▶ _TASK TO CARRY OUT_: Show, in full, each line of the data that contains "moreover".

▶ _THE DATA_:
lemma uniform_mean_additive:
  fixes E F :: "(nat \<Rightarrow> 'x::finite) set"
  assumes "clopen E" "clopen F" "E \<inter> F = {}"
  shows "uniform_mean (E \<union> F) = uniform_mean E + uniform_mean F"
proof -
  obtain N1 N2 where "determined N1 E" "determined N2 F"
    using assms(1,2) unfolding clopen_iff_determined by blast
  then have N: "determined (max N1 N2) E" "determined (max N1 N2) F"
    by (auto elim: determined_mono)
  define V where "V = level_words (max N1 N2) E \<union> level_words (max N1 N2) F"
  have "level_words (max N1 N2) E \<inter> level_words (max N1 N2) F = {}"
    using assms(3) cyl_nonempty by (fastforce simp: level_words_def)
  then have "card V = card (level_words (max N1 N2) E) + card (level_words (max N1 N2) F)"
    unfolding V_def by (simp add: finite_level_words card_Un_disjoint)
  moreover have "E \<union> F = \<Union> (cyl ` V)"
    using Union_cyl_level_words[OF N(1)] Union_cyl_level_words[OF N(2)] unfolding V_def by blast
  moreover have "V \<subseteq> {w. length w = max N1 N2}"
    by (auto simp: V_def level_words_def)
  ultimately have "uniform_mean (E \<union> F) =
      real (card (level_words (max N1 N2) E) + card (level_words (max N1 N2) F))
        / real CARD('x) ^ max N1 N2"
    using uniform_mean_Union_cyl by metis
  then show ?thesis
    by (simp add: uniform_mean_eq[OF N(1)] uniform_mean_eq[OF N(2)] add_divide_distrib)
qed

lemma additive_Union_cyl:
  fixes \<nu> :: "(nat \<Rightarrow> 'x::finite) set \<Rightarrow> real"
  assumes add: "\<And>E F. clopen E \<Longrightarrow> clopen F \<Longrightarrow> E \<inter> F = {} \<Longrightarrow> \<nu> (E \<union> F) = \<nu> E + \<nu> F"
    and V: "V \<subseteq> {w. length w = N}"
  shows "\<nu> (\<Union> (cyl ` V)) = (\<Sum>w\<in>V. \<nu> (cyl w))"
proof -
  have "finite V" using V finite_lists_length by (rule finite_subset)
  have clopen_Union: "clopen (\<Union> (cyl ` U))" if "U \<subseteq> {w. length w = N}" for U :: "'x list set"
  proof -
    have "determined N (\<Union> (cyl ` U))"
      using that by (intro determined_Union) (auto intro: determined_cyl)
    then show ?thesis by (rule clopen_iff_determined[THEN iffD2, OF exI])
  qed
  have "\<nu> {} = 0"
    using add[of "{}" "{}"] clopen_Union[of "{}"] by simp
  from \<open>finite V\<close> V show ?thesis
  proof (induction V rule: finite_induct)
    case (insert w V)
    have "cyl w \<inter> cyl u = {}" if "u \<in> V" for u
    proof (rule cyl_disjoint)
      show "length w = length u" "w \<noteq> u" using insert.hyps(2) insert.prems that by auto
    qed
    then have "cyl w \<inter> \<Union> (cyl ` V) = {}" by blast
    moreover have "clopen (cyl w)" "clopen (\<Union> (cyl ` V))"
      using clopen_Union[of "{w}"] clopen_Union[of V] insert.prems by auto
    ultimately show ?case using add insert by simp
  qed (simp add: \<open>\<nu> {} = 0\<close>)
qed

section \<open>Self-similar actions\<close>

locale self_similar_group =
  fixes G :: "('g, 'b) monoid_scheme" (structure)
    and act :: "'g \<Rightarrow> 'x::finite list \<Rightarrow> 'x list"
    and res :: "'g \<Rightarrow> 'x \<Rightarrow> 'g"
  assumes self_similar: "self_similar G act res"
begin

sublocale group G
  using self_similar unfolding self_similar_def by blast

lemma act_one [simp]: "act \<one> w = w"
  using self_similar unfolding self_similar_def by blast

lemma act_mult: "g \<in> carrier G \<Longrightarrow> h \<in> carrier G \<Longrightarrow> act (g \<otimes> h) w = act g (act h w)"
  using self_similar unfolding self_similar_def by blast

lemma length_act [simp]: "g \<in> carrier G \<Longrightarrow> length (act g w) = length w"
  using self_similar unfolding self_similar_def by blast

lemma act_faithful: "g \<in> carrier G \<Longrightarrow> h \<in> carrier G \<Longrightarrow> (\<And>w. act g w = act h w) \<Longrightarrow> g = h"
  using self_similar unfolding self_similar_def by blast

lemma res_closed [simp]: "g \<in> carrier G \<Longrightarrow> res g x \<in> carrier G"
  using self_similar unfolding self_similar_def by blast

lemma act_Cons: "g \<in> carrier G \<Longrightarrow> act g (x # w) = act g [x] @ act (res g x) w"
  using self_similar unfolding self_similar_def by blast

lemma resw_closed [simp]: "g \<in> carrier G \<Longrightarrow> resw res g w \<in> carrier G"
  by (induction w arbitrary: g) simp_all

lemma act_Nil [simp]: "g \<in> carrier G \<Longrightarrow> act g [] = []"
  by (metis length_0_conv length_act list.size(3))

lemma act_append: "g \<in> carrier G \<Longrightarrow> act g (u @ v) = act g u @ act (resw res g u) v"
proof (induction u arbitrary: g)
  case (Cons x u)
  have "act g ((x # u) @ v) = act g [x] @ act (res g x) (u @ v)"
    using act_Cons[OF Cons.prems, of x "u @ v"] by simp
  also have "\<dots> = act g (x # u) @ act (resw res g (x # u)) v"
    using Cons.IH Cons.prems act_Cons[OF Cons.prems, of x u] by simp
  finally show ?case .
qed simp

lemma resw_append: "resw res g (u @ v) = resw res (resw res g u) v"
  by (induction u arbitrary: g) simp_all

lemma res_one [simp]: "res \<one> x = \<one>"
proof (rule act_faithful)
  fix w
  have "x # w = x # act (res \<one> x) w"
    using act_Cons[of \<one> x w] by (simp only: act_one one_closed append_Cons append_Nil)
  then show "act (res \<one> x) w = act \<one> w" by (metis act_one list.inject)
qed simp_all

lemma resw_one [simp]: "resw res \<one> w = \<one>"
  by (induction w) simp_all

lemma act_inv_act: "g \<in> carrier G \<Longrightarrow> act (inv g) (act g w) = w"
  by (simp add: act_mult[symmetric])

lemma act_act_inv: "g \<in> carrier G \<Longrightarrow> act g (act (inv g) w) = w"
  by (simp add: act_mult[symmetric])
---
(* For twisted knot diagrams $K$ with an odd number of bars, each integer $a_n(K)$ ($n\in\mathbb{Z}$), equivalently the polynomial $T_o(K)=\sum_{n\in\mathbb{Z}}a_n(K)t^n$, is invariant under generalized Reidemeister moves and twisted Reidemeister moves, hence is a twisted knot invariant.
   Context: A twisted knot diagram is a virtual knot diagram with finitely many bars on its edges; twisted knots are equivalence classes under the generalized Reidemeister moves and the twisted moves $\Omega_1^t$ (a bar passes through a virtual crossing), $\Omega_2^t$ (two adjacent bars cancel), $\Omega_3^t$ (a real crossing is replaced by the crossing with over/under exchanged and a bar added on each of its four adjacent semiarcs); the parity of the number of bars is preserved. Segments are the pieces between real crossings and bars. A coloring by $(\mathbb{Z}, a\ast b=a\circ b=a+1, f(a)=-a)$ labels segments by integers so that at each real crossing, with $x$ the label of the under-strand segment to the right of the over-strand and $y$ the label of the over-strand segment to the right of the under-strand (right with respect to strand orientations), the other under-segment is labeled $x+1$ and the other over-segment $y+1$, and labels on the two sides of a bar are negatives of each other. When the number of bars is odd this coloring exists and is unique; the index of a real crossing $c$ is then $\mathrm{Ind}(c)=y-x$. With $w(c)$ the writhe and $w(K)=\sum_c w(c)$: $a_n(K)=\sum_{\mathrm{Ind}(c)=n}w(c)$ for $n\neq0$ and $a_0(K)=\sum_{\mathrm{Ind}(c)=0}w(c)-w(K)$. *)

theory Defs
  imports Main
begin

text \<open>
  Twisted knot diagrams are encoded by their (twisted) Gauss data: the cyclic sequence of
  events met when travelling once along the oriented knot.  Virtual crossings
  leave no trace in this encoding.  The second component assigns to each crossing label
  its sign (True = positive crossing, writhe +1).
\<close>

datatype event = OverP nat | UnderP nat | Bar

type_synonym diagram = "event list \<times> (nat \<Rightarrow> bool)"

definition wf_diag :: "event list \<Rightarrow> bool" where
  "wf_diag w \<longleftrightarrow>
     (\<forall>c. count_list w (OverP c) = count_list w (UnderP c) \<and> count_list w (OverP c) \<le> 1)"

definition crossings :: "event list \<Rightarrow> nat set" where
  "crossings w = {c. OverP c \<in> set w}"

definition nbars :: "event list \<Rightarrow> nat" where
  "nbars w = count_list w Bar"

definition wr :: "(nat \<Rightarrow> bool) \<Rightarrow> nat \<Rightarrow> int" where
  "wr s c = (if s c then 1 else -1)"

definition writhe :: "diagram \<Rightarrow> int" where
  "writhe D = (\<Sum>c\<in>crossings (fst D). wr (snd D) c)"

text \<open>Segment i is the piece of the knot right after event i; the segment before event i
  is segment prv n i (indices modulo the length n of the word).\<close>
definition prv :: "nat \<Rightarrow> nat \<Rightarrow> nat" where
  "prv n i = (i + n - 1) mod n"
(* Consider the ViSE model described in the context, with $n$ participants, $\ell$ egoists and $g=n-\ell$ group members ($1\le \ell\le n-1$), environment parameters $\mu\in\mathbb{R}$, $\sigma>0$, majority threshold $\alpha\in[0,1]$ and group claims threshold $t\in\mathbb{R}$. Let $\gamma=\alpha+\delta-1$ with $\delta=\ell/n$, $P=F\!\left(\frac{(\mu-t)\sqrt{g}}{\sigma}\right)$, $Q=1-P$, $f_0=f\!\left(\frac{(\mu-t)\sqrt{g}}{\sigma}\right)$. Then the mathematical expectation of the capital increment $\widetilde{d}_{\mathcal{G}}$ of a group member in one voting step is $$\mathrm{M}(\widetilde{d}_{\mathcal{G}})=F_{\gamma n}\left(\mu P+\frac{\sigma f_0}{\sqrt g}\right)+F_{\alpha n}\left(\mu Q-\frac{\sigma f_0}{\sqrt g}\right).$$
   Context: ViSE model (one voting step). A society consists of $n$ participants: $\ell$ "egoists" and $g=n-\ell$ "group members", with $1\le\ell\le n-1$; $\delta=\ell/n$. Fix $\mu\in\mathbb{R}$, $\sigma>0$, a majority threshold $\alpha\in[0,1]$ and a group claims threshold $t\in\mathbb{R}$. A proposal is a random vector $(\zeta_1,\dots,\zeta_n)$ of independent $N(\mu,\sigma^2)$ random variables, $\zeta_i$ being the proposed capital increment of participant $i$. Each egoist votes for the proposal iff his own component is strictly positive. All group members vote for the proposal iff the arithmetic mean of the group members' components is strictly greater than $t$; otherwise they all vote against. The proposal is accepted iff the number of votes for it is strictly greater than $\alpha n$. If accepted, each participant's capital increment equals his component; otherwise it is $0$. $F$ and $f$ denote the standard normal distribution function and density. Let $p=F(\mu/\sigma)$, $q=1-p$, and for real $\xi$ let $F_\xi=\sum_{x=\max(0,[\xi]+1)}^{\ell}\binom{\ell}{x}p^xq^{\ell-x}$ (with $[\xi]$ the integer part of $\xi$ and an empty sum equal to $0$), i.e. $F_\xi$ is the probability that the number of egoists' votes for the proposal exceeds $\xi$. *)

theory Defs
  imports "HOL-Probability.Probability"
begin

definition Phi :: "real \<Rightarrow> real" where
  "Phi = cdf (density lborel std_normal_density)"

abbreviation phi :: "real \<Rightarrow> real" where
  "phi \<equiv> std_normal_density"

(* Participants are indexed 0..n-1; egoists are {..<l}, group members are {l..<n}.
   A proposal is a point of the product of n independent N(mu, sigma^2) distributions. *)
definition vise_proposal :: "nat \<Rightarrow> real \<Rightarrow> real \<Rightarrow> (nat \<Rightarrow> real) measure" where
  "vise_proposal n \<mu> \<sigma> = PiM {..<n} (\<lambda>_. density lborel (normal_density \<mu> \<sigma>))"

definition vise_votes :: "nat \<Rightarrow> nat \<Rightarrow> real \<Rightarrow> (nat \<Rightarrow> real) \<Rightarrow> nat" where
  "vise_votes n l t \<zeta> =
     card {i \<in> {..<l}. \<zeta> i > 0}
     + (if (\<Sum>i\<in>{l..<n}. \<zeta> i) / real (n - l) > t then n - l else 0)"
--
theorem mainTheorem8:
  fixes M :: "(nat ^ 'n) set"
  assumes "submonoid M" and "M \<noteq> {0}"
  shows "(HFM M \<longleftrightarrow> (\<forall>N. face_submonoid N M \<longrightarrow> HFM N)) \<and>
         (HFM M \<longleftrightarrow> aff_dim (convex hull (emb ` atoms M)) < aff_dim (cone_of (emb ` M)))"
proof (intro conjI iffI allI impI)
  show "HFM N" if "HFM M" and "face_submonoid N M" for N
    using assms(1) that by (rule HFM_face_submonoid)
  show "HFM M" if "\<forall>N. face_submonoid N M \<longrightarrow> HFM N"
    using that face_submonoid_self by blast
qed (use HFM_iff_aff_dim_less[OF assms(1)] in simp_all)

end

▶ _RESPONSE TO THIS EXERCISE_:
  moreover have "E \<union> F = \<Union> (cyl ` V)"
  moreover have "V \<subseteq> {w. length w = max N1 N2}"
    moreover have "clopen (cyl w)" "clopen (\<Union> (cyl ` V))"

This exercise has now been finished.